Otherwise: I moderately enjoyed The Thirteenth Child when I read it (other than the lack of Native people thing), I moderately enjoyed Old Man's War when I read it, and Dawn was an objectively good book that I didn't like. Oh and I'm annoyed about Lovecraft stealing the name Sarnath from an important historic Buddhist site.

sheliak: Tik-Tok from the Oz books, reading a book. (reading: tik-tok)

[personal profile] sheliak 2017-11-16 12:22 am (UTC)(link)
God Stalk: I love this to the point of incoherence. Especially the setting; Tai-Tastigon is probably my favorite fictional city ever, so vivid and strange. There are sequels, but it stands alone pretty well. The sequels are a slightly different subgenre, and start off strong and then slowly decline. I'm not sorry I read them (there are some great characters introduced later on) but only the second + third are anything like as strong as the first, and they don't stand on their own nearly as well.

Half Magic: Loved this as a kid, agree about the racism fairy though. The best of the sequels is Knight's Castle, which IIRC stands alone pretty well and has few opportunities for the racism fairy to get a foothold. That one's basically Ivanhoe fanfic, which I would probably appreciate more if I'd ever read Ivanhoe, but I still really liked it.

The Phantom Tollbooth: I tried to read this as a kid, bounced very hard off of it for the same reasons I bounced off of Alice in Wonderland—I wasn't good with surrealism as a kid. A few years later I tried it again and liked it much better.

First Test: I'm more of an Emelan fan than a Tortall fan, but Kel is probably my single favorite of Pierce's heroines. I'm really fond of the cast in this series.

The Book of Lost Tales: I have read this. I remember literally nothing about it. I think I still have a copy in my bedroom.

The Thirteenth Child: I remember it as being restful and just on the edge of being boring. I mostly did like it, but have 0 desire to ever revisit the book.

Everything else I went by reputation, or title if I'd never heard of it or the author.
Edited 2017-11-16 00:24 (UTC)
luzula: a Luzula pilosa, or hairy wood-rush (Default)
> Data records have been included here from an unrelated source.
lemma row_shares_le_deep: assumes "h \<in> H" "\<not> shallow h" shows "(\<Sum>j\<in>{j. A h j \<noteq> 0}. share j h) \<le> row_cap"
proof -
  have all: "share j h \<le> 1/2" if j: "h \<in> col_support j" for j
  proof -
    consider "col_support j = {h}" | y where "edge j h y" | "3 \<le> card (col_support j)" using col_support_cases[OF j(1)] by blast
    then show ?thesis
    proof cases
      case 1
      then have "h \<in> anchored" by (auto simp: anchored_def)
      then have "shallow h" unfolding shallow_def using anchored_depth[OF \<open>h \<in> anchored\<close>] reach_mono[of 0 h s] by simp
      then show ?thesis using assms by simp
    next
      case 2
      show ?thesis unfolding share_edge[OF 2] using assms by auto
    next
      case 3
      then show ?thesis using share_wide[of j h] by simp
    qed
  qed
  have "(\<Sum>j\<in>{j. A h j \<noteq> 0}. share j h) \<le> real (r + 1) * (1/2)"
    by (rule sum_le_card_mult) (use all row_weight[OF assms(1)] row_support_iff[OF assms(1)] in auto)
  also have "\<dots> \<le> row_cap" using row_cap_ge by simp
  finally show ?thesis .
qed

lemma row_shares_le: assumes "h \<in> H" shows "(\<Sum>j\<in>{j. A h j \<noteq> 0}. share j h) \<le> row_cap"
proof (cases "shallow h")
  case True
  have "depth h \<le> s" using True reach_depth by (auto simp: shallow_def)
  then consider "depth h < s" | "depth h = s" by linarith
  then show ?thesis
  proof cases
    case 1 then show ?thesis using row_shares_le_inner assms True by blast
  next
    case 2 then show ?thesis using row_shares_le_last_even row_shares_le_last_odd assms True by blast
  qed
next
  case False then show ?thesis using row_shares_le_deep assms by blast
qed

lemma card_cols_le: "real CARD('c) \<le> real (card H) * row_cap"
proof -
  have "real CARD('c) = (\<Sum>h\<in>H. \<Sum>j\<in>{j. A h j \<noteq> 0}. share j h)" by (rule card_cols_eq_sum_shares)
  also have "\<dots> \<le> (\<Sum>h\<in>H. row_cap)" by (intro sum_mono row_shares_le)
  also have "\<dots> = real (card H) * row_cap" by simp
  finally show ?thesis .
qed
(* Let $X,Y\in\mathcal{B}(\mathcal{H})$ and let $f,g$ be nonnegative continuous functions on $[0,\infty)$ satisfying $f(t)g(t)=t$ for all $t\geq 0$. Then for every unit vector $x\in\mathcal{H}$ and all $r,s\geq 1$, $$|\langle Xx,x\rangle|^r+|\langle Yx,x\rangle|^s\leq \frac12\left\|f^{2r}(|X|)+g^{2r}(|X^*|)+f^{2s}(|Y|)+g^{2s}(|Y^*|)\right\|.$$
   Context: $\mathcal{H}$ is a complex Hilbert space, $\mathcal{B}(\mathcal{H})$ the bounded linear operators on it. For $T\in\mathcal{B}(\mathcal{H})$, $|T|=(T^*T)^{1/2}$, and $f(|T|)$ etc. are defined by continuous functional calculus; $f^{2r}(|X|)$ means $(f(|X|))^{2r}$. *)

theory Defs
  imports "HOL-Analysis.Analysis" "HOL-Computational_Algebra.Polynomial"
begin

class complex_vector = real_vector +
  fixes scaleC :: "complex \<Rightarrow> 'a \<Rightarrow> 'a"
  assumes scaleC_add_right: "scaleC c (x + y) = scaleC c x + scaleC c y"
    and scaleC_add_left: "scaleC (a + b) x = scaleC a x + scaleC b x"
    and scaleC_scaleC: "scaleC a (scaleC b x) = scaleC (a * b) x"
    and scaleC_one: "scaleC 1 x = x"
    and scaleC_of_real: "scaleC (complex_of_real r) x = r *\<^sub>R x"

class complex_inner = complex_vector + real_normed_vector +
  fixes cinner :: "'a \<Rightarrow> 'a \<Rightarrow> complex"
  assumes cinner_cnj: "cinner x y = cnj (cinner y x)"
    and cinner_add_left: "cinner (x + y) z = cinner x z + cinner y z"
    and cinner_scaleC_left: "cinner (scaleC c x) y = c * cinner x y"
    and cinner_self_real: "Im (cinner x x) = 0"
    and cinner_self_nonneg: "0 \<le> Re (cinner x x)"
    and cinner_self_eq_0: "cinner x x = 0 \<longleftrightarrow> x = 0"
    and norm_cinner: "norm x = sqrt (Re (cinner x x))"

text \<open>A complex Hilbert space is a type of sort {complex_inner, complete_space}.
  Operators in B(H) are represented as functions satisfying cbounded.\<close>

definition cbounded :: "('a::complex_inner \<Rightarrow> 'a) \<Rightarrow> bool" where
  "cbounded T \<longleftrightarrow> (\<forall>x y. T (x + y) = T x + T y) \<and> (\<forall>c x. T (scaleC c x) = scaleC c (T x))
     \<and> (\<exists>K. \<forall>x. norm (T x) \<le> norm x * K)"

definition adj :: "('a::complex_inner \<Rightarrow> 'a) \<Rightarrow> ('a \<Rightarrow> 'a)" where
  "adj T = (\<lambda>y. THE z. \<forall>x. cinner (T x) y = cinner x z)"

definition opoly :: "real poly \<Rightarrow> ('a::complex_inner \<Rightarrow> 'a) \<Rightarrow> ('a \<Rightarrow> 'a)" where
  "opoly p A = (\<lambda>x. \<Sum>i\<le>degree p. coeff p i *\<^sub>R (A ^^ i) x)"

text \<open>Continuous functional calculus for a positive operator A (spectrum in [0, norm A]):
  f(A) is the operator-norm limit of p_n(A) for every sequence of polynomials p_n
  converging uniformly to f on [0, norm A].\<close>
definition fcalc :: "(real \<Rightarrow> real) \<Rightarrow> ('a::complex_inner \<Rightarrow> 'a) \<Rightarrow> ('a \<Rightarrow> 'a)" where
  "fcalc f A = (THE B. cbounded B \<and>
     (\<forall>ps. uniform_limit {0..onorm A} (\<lambda>n t. poly (ps n) t) f sequentially \<longrightarrow>
        (\<lambda>n. onorm (\<lambda>x. opoly (ps n) A x - B x)) \<longlonglongrightarrow> 0))"

definition oabs :: "('a::complex_inner \<Rightarrow> 'a) \<Rightarrow> ('a \<Rightarrow> 'a)" where
  "oabs T = fcalc sqrt (adj T \<circ> T)"

end

theory Submission
  imports Defs "HOL-Computational_Algebra.Fundamental_Theorem_Algebra"
begin

text \<open>
  For unit x, Kittaneh's mixed Schwarz inequality gives
  |<Xx,x>| \<le> \<parallel>f(|X|)x\<parallel> \<parallel>g(|X*|)x\<parallel>; by AM-GM,
  |<Xx,x>|^r \<le> (\<parallel>f(|X|)x\<parallel>^(2r) + \<parallel>g(|X*|)x\<parallel>^(2r))/2, and McCarty's
  inequality \<parallel>Fx\<parallel>^(2r) = <F^2 x,x>^r \<le> <F^(2r) x,x> for positive F and r \<ge> 1,
  a Jensen inequality for the convex function s^r, bounds this by
  <(f^(2r)(|X|) + g^(2r)(|X*|)) x,x>/2. Adding the same bound for Y and
  estimating the quadratic form by the operator norm gives the theorem.

  The mixed Schwarz inequality |<Xx,y>|^2 \<le> <a(X*X)x,x> <b(XX*)y,y> for
  a b = id is the Cauchy-Schwarz inequality for the positive operator
  (b+\<epsilon>)^(-1)(XX*), combined with the intertwining relation
  X* h(XX*) X = (t h(t))(X*X).

  The functional calculus is only specified through polynomial approximation,
  so it has to be constructed: a polynomial that is nonnegative on [0,c] is a
  nonnegative combination of q^2, t q^2, (c-t) q^2 and t(c-t) q^2 (factor it
  over the complex numbers), hence p(A) is positive whenever p \<ge> 0 on
  [0,\<parallel>A\<parallel>]. Therefore \<parallel>p(A)\<parallel> \<le> sup |p| on [0,\<parallel>A\<parallel>], and
  polynomials converging uniformly to f give operators converging in norm.
\<close>

lemma cinner_scaleR_left: "cinner (r *\<^sub>R x) y = complex_of_real r * cinner x (y::'a::complex_inner)"
  by (simp add: scaleC_of_real[symmetric] cinner_scaleC_left)

lemma cinner_zero_left[simp]: "cinner 0 (y::'a::complex_inner) = 0"
  using cinner_scaleR_left[of 0 y y] by simp

lemma cinner_add_right: "cinner x (y + z) = cinner x y + cinner x (z::'a::complex_inner)"
  by (subst (1 2 3) cinner_cnj) (simp add: cinner_add_left)

lemma cinner_scaleC_right: "cinner x (scaleC c y) = cnj c * cinner x (y::'a::complex_inner)"
  by (subst (1 2) cinner_cnj) (simp add: cinner_scaleC_left)

lemma cinner_scaleR_right: "cinner x (r *\<^sub>R y) = complex_of_real r * cinner x (y::'a::complex_inner)"
  by (simp add: scaleC_of_real[symmetric] cinner_scaleC_right)

lemma cinner_zero_right[simp]: "cinner x (0::'a::complex_inner) = 0"
  using cinner_scaleR_right[of x 0 x] by simp

lemma cinner_minus_left: "cinner (- x) y = - cinner x (y::'a::complex_inner)"
  using cinner_scaleR_left[of "-1" x y] by simp

lemma cinner_minus_right: "cinner x (- y) = - cinner x (y::'a::complex_inner)"
  using cinner_scaleR_right[of x "-1" y] by simp

lemma cinner_diff_left: "cinner (x - y) z = cinner x z - cinner y (z::'a::complex_inner)"
  using cinner_add_left[of x "-y" z] by (simp add: cinner_minus_left)

lemma cinner_self: "cinner x x = complex_of_real ((norm (x::'a::complex_inner))^2)"
  using norm_cinner[of x] cinner_self_nonneg[of x] cinner_self_real[of x] by (simp add: complex_eq_iff)

lemma Re_cinner_self: "Re (cinner x x) = (norm (x::'a::complex_inner))^2"
  by (simp add: cinner_self)

lemma cinner_ext: "(\<And>z. cinner x z = cinner y z) \<Longrightarrow> x = (y::'a::complex_inner)"
  using cinner_self_eq_0[of "x - y"] by (simp add: cinner_diff_left)

lemma cinner_ext_right: "(\<And>z. cinner z x = cinner z y) \<Longrightarrow> x = (y::'a::complex_inner)"
  by (rule cinner_ext) (subst (1 2) cinner_cnj, simp)

lemma mult_cnj_eq_cmod_power2: "z * cnj z = (complex_of_real (cmod z))^2"
  by (metis complex_norm_square of_real_power)

lemma cnj_mult_eq_cmod_power2: "cnj z * z = (complex_of_real (cmod z))^2"
  by (metis mult_cnj_eq_cmod_power2 mult.commute)

lemma complex_discriminant_le:
  fixes a d :: real and b :: complex
  assumes d: "0 \<le> d" and Q: "\<And>t. 0 \<le> a + 2 * Re (cnj t * b) + (cmod t)^2 * d"
  shows "(cmod b)^2 \<le> a * d"
proof (cases "d = 0")
  case False
  then have d0: "d > 0" using d by simp
  have "0 \<le> a + 2 * Re (cnj (- b / complex_of_real d) * b) + (cmod (- b / complex_of_real d))^2 * d"
    by (rule Q)
  also have "cnj (- b / complex_of_real d) * b = - complex_of_real ((cmod b)^2 / d)"
    by (simp add: cnj_mult_eq_cmod_power2)
  also have "(cmod (- b / complex_of_real d))^2 * d = (cmod b)^2 / d"
    using d0 by (simp add: norm_divide power_divide power2_eq_square)
  finally have "0 \<le> a - (cmod b)^2 / d" by simp
  then show ?thesis using d0 by (simp add: field_simps)
next
  case True
  show ?thesis
  proof (cases "b = 0")
    case False
    define s where "s = (\<bar>a\<bar> + 1) / (2 * (cmod b)^2)"
    have "0 \<le> a + 2 * Re (cnj (- complex_of_real s * b) * b) + (cmod (- complex_of_real s * b))^2 * d"
      by (rule Q)
    also have "cnj (- complex_of_real s * b) * b = - complex_of_real (s * (cmod b)^2)"
      by (simp add: cnj_mult_eq_cmod_power2)
    finally have "0 \<le> a - 2 * s * (cmod b)^2" using True by simp
    also have "2 * s * (cmod b)^2 = \<bar>a\<bar> + 1" using False by (simp add: s_def)
    finally show ?thesis by linarith
  qed (simp add: True)
qed
lemma lower_envelope_mono:
  assumes "\<And>\<alpha>. \<alpha> < N \<Longrightarrow> H \<alpha> p \<le> H \<alpha> q"
  shows "lower_envelope N H p \<le> lower_envelope N H q"
  by (metis assms lower_envelope_attained lower_envelope_le order_trans)

lemma lower_envelope_lipschitz:
  assumes "\<And>\<alpha>. \<alpha> < N \<Longrightarrow> \<bar>H \<alpha> p - H \<alpha> q\<bar> \<le> L"
  shows "\<bar>lower_envelope N H p - lower_envelope N H q\<bar> \<le> L"
proof -
  obtain \<beta> where \<beta>: "\<beta> < N" "lower_envelope N H q = H \<beta> q" by (rule lower_envelope_attained)
  obtain \<beta>' where \<beta>': "\<beta>' < N" "lower_envelope N H p = H \<beta>' p" by (rule lower_envelope_attained)
  show ?thesis
    using lower_envelope_le[OF \<beta>(1), of p] lower_envelope_le[OF \<beta>'(1), of q]
      assms[OF \<beta>(1)] assms[OF \<beta>'(1)] \<beta> \<beta>' by linarith
qed

lemma lower_envelope_coercive:
  assumes "hamiltonians N H"
  shows "\<exists>R. \<forall>p\<ge>R. B \<le> lower_envelope N H p"
proof -
  obtain R where R: "\<And>\<alpha> p. \<alpha> < N \<Longrightarrow> R \<le> \<bar>p\<bar> \<Longrightarrow> B \<le> H \<alpha> p"
    using hamiltonians_uniformly_coercive[OF assms] by blast
  have "B \<le> lower_envelope N H p" if "R \<le> p" for p
  proof -
    obtain \<beta> where "\<beta> < N" "lower_envelope N H p = H \<beta> p" by (rule lower_envelope_attained)
    with R[of \<beta> p] that show ?thesis by simp
  qed
  then show ?thesis by blast
qed

end

subsection \<open>The profile \<open>\<phi>\<close>\<close>

locale vertex_test_data =
  fixes N :: nat and H :: "nat \<Rightarrow> real \<Rightarrow> real" and L :: real
    and h :: "real \<Rightarrow> real" and a :: real and c :: "nat \<Rightarrow> real"
  assumes N_pos: "N \<ge> 1"
    and H_mono: "\<And>\<alpha> p q. \<alpha> < N \<Longrightarrow> 0 \<le> p \<Longrightarrow> p \<le> q \<Longrightarrow> H \<alpha> p \<le> H \<alpha> q"
    and H_lipschitz: "\<And>\<alpha> p q. \<alpha> < N \<Longrightarrow> \<bar>H \<alpha> p - H \<alpha> q\<bar> \<le> L * \<bar>p - q\<bar>"
    and L_ge_1: "L \<ge> 1"
    and H_0_le_A0: "\<And>\<alpha>. \<alpha> < N \<Longrightarrow> H \<alpha> 0 \<le> A0 N H"
    and h_le_H: "\<And>\<alpha> p. \<alpha> < N \<Longrightarrow> 0 \<le> p \<Longrightarrow> h p \<le> H \<alpha> p"
    and h_mono: "\<And>p q. 0 \<le> p \<Longrightarrow> p \<le> q \<Longrightarrow> h p \<le> h q"
    and h_lipschitz: "\<And>p q. \<bar>h p - h q\<bar> \<le> L * \<bar>p - q\<bar>"
    and h_coercive: "\<And>B. \<exists>R. \<forall>p\<ge>R. B \<le> h p"
    and a_pos: "a > 0"
    and h_a: "A0 N H + 1 \<le> h a"
    and c_nonneg: "\<And>n. c n \<ge> 0"
    and h_a_c: "\<And>n. A0 N H + real n + 2 \<le> h (a + c n)"
begin

abbreviation "A\<^sub>0 \<equiv> A0 N H"

lemma h_continuous: "continuous_on UNIV h"
proof (rule lipschitz_on_continuous_on)
  show "lipschitz_on L UNIV h"
    by (rule lipschitz_onI) (use h_lipschitz L_ge_1 in \<open>auto simp: dist_real_def\<close>)
qed

lemma H_le_A0_plus: "\<alpha> < N \<Longrightarrow> H \<alpha> q \<le> A\<^sub>0 + L * \<bar>q\<bar>"
  using H_lipschitz[of \<alpha> q 0] H_0_le_A0[of \<alpha>] by auto
lemma M0_nonneg: "0 \<le> M0"
  unfolding M0_def using K_nonneg consts_nonneg C_lt1 by simp

lemma Q_nonneg: "0 \<le> Q"
  unfolding Q_def using consts_nonneg c_pos K_nonneg M0_nonneg by simp

text \<open>\<open>K\<close> is a Lipschitz constant of every solution and \<open>M0\<close> one of its derivative; an
  admissible radius keeps the arguments of \<open>H\<close> in \<open>inner_box (eps / 5)\<close> and makes the
  uniqueness estimate a contraction.\<close>

definition admissible :: "real \<Rightarrow> bool" where
  "admissible \<delta> \<longleftrightarrow> 0 \<le> \<delta> \<and> (1 + K + M0) * \<delta> \<le> eps / 5 \<and> Q * \<delta> < 1 - C0 - C1"

lemma admissible_downward_closed:
  assumes "admissible \<delta>" "0 \<le> \<delta>'" "\<delta>' \<le> \<delta>"
  shows "admissible \<delta>'"
proof -
  have "(1 + K + M0) * \<delta>' \<le> (1 + K + M0) * \<delta>" "Q * \<delta>' \<le> Q * \<delta>"
    using assms(3) K_nonneg M0_nonneg Q_nonneg by (simp_all add: mult_left_mono)
  then show ?thesis
    using assms unfolding admissible_def by linarith
qed

lemma admissibleD:
  assumes "admissible \<delta>"
  shows "\<delta> \<le> eps / 5" "K * \<delta> \<le> eps / 5" "M0 * \<delta> \<le> eps / 5"
proof -
  have "0 \<le> \<delta>" "(1 + K + M0) * \<delta> \<le> eps / 5"
    using assms unfolding admissible_def by auto
  moreover have "0 \<le> K * \<delta>" "0 \<le> M0 * \<delta>"
    using calculation(1) K_nonneg M0_nonneg by simp_all
  ultimately show "\<delta> \<le> eps / 5" "K * \<delta> \<le> eps / 5" "M0 * \<delta> \<le> eps / 5"
    by (auto simp: distrib_right)
qed

lemma admissible_exists: "\<exists>\<delta>>0. admissible \<delta>"
proof (intro exI conjI)
  let ?\<delta> = "min (eps / (5 * (1 + K + M0))) ((1 - C0 - C1) / (2 * (1 + Q)))"
  have KM0: "1 + K + M0 > 0" and Q1: "1 + Q > 0"
    using K_nonneg M0_nonneg Q_nonneg by linarith+
  show "?\<delta> > 0"
    using eps_pos KM0 Q1 C_lt1 by simp
  have "(1 + K + M0) * ?\<delta> \<le> (1 + K + M0) * (eps / (5 * (1 + K + M0)))"
    using KM0 by (intro mult_left_mono) auto
  also have "\<dots> = eps / 5"
    using KM0 by (simp add: field_simps)
  finally have small: "(1 + K + M0) * ?\<delta> \<le> eps / 5" .
  have "Q * ?\<delta> \<le> (1 + Q) * ((1 - C0 - C1) / (2 * (1 + Q)))"
    using Q_nonneg C_lt1 eps_pos KM0 by (intro mult_mono) auto
  also have "\<dots> = (1 - C0 - C1) / 2"
    using Q1 by (simp add: field_simps)
  also have "\<dots> < 1 - C0 - C1"
    using C_lt1 by simp
  finally show "admissible ?\<delta>"
    unfolding admissible_def using \<open>?\<delta> > 0\<close> small by simp
qed

context
  fixes \<delta> :: real and W W' :: "real \<Rightarrow> real ^ 'n"
  assumes sol: "is_solution \<delta> W W'"
begin

lemma
  shows solution_radius_nonneg: "0 \<le> \<delta>"
    and solution_has_vector_derivative:
      "t \<in> {-\<delta>..\<delta>} \<Longrightarrow> (W has_vector_derivative W' t) (at t within {-\<delta>..\<delta>})"
    and solution_delay_mem: "t \<in> {-\<delta>..\<delta>} \<Longrightarrow> W t $ i1 \<in> {-\<delta>..\<delta>}"
    and solution_equation:
      "t \<in> {-\<delta>..\<delta>} \<Longrightarrow> W' t = H t (W t) (W (W t $ i1)) (W' t) (W' (W t $ i1))"
    and solution_at_0: "W 0 = 0"
    and solution_in_Nbhd:
      "t \<in> {-\<delta>..\<delta>} \<Longrightarrow> (t, W t, W (W t $ i1), W' t, W' (W t $ i1)) \<in> Nbhd nrm P eps"
  using sol unfolding is_solution_def by auto

lemma solution_derivative_near_P_eps:
  assumes "t \<in> {-\<delta>..\<delta>}"
  shows "nrm (W' t - P) \<le> eps"
  using solution_in_Nbhd[OF assms] nrm_nonneg unfolding Nbhd_def
  by (smt (verit, best) case_prodD mem_Collect_eq)

lemma solution_delay_lipschitz:
  assumes "t \<in> {-\<delta>..\<delta>}" "s \<in> {-\<delta>..\<delta>}"
  shows "\<bar>W t $ i1 - W s $ i1\<bar> \<le> \<bar>t - s\<bar>"
proof -
  have "norm (W t $ i1 - W s $ i1) \<le> 1 * \<bar>t - s\<bar>"
  proof (rule norm_diff_le_of_vector_derivative_bound[where f' = "\<lambda>t. W' t $ i1"])
    fix x assume x: "x \<in> {-\<delta>..\<delta>}"
    show "((\<lambda>t. W t $ i1) has_vector_derivative W' x $ i1) (at x within {-\<delta>..\<delta>})"
      by (rule bounded_linear.has_vector_derivative[OF bounded_linear_vec_nth
            solution_has_vector_derivative[OF x]])
    show "norm (W' x $ i1) \<le> 1"
      using h1_bound[OF solution_in_Nbhd[OF x]] solution_equation[OF x] by simp
  qed (use assms in auto)
  then show ?thesis by simp
qed

lemma solution_delay_le:
  assumes "t \<in> {-\<delta>..\<delta>}"
  shows "\<bar>W t $ i1\<bar> \<le> \<bar>t\<bar>"
  using solution_delay_lipschitz[OF assms, of 0] solution_at_0 solution_radius_nonneg by simp

lemma solution_lipschitz:
  assumes "t \<in> {-\<delta>..\<delta>}" "s \<in> {-\<delta>..\<delta>}"
  shows "nrm (W t - W s) \<le> K * \<bar>t - s\<bar>"
proof -
  have "nrm (W' x) \<le> nrm P + eps" if "x \<in> {-\<delta>..\<delta>}" for x
    using nrm_triangle_diff[of "W' x" 0 P] solution_derivative_near_P_eps[OF that]
      nrm_minus_commute[of 0 P] by simp
  then have "norm (W t - W s) \<le> c * (nrm P + eps) * \<bar>t - s\<bar>"
    using norm_diff_le_of_nrm_derivative_bound solution_has_vector_derivative assms by blast
  then have "c * norm (W t - W s) \<le> c * (c * (nrm P + eps) * \<bar>t - s\<bar>)"
    using c_pos by simp
  then show ?thesis
    using nrm_le_norm[of "W t - W s"] unfolding K_def power2_eq_square by (simp add: algebra_simps)
qed

lemma solution_le:
  assumes "t \<in> {-\<delta>..\<delta>}"
  shows "nrm (W t) \<le> K * \<delta>"
proof -
  have "K * \<bar>t\<bar> \<le> K * \<delta>"
    using assms K_nonneg by (intro mult_left_mono) auto
  then show ?thesis
    using solution_lipschitz[OF assms, of 0] solution_at_0 solution_radius_nonneg by simp
qed

lemma solution_derivative_near_P:
  assumes "t \<in> {-\<delta>..\<delta>}"
  shows "nrm (W' t - P) \<le> M0 * \<delta>"
proof -
  have "\<forall>t\<in>{-\<delta>..\<delta>}. nrm (W' t - P) \<le> (\<Lambda> * \<delta> + (L0 + L1) * (K * \<delta>)) / (1 - (C0 + C1))"
  proof (rule bound_by_contraction[where B = eps])
    show "{-\<delta>..\<delta>} \<noteq> {}"
      using solution_radius_nonneg by simp
    show "nrm (W' t - P) \<le> eps" if "t \<in> {-\<delta>..\<delta>}" for t
      using solution_derivative_near_P_eps[OF that] .
    fix a assume a: "\<And>t. t \<in> {-\<delta>..\<delta>} \<Longrightarrow> nrm (W' t - P) \<le> a"
    show "\<forall>t\<in>{-\<delta>..\<delta>}. nrm (W' t - P) \<le> \<Lambda> * \<delta> + (L0 + L1) * (K * \<delta>) + (C0 + C1) * a"
    proof
      fix t assume t: "t \<in> {-\<delta>..\<delta>}"
      let ?w = "W t $ i1"
      have w: "?w \<in> {-\<delta>..\<delta>}"
        by (rule solution_delay_mem[OF t])
      have "nrm (W' t - P) \<le> \<Lambda> * \<bar>t\<bar> + L0 * nrm (W t) + L1 * nrm (W ?w)
          + C0 * nrm (W' t - P) + C1 * nrm (W' ?w - P)"
        using H_minus_P_le[OF solution_in_Nbhd[OF t]]
        by (simp only: solution_equation[OF t, symmetric])
      also have "\<dots> \<le> \<Lambda> * \<delta> + L0 * (K * \<delta>) + L1 * (K * \<delta>) + C0 * a + C1 * a"
        using t consts_nonneg solution_le[OF t] solution_le[OF w] a[OF t] a[OF w]
        by (intro add_mono mult_left_mono) auto
      finally show "nrm (W' t - P) \<le> \<Lambda> * \<delta> + (L0 + L1) * (K * \<delta>) + (C0 + C1) * a"
        by (simp add: algebra_simps)
    qed
  qed (rule C_lt1)
  moreover have "(\<Lambda> * \<delta> + (L0 + L1) * (K * \<delta>)) / (1 - (C0 + C1)) = M0 * \<delta>"
    unfolding M0_def using C_lt1 by (simp add: field_simps)
  ultimately show ?thesis
    using assms by auto
qed

lemma solution_in_inner_box:
  assumes "admissible \<delta>" "t \<in> {-\<delta>..\<delta>}"
  shows "(t, W t, W (W t $ i1), W' t, W' (W t $ i1)) \<in> inner_box (eps / 5)"
proof -
  have w: "W t $ i1 \<in> {-\<delta>..\<delta>}"
    by (rule solution_delay_mem[OF assms(2)])
  show ?thesis
    using admissibleD[OF assms(1)] assms(2) solution_le[OF assms(2)] solution_le[OF w]
      solution_derivative_near_P[OF assms(2)] solution_derivative_near_P[OF w]
    unfolding inner_box_def by auto
qed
[personal profile] luzula 2017-11-16 08:02 am (UTC)(link)
You should read The Book of Lost Tales only if you're a Tolkien completist. Like, if you love Silmarillion and Tales of Middle Earth and then say to yourself: but now I really want to know what these same stories looked like in early versions, when Tolkien was still calling the Noldor "Gnomes" and Quenya was spelled Qenya.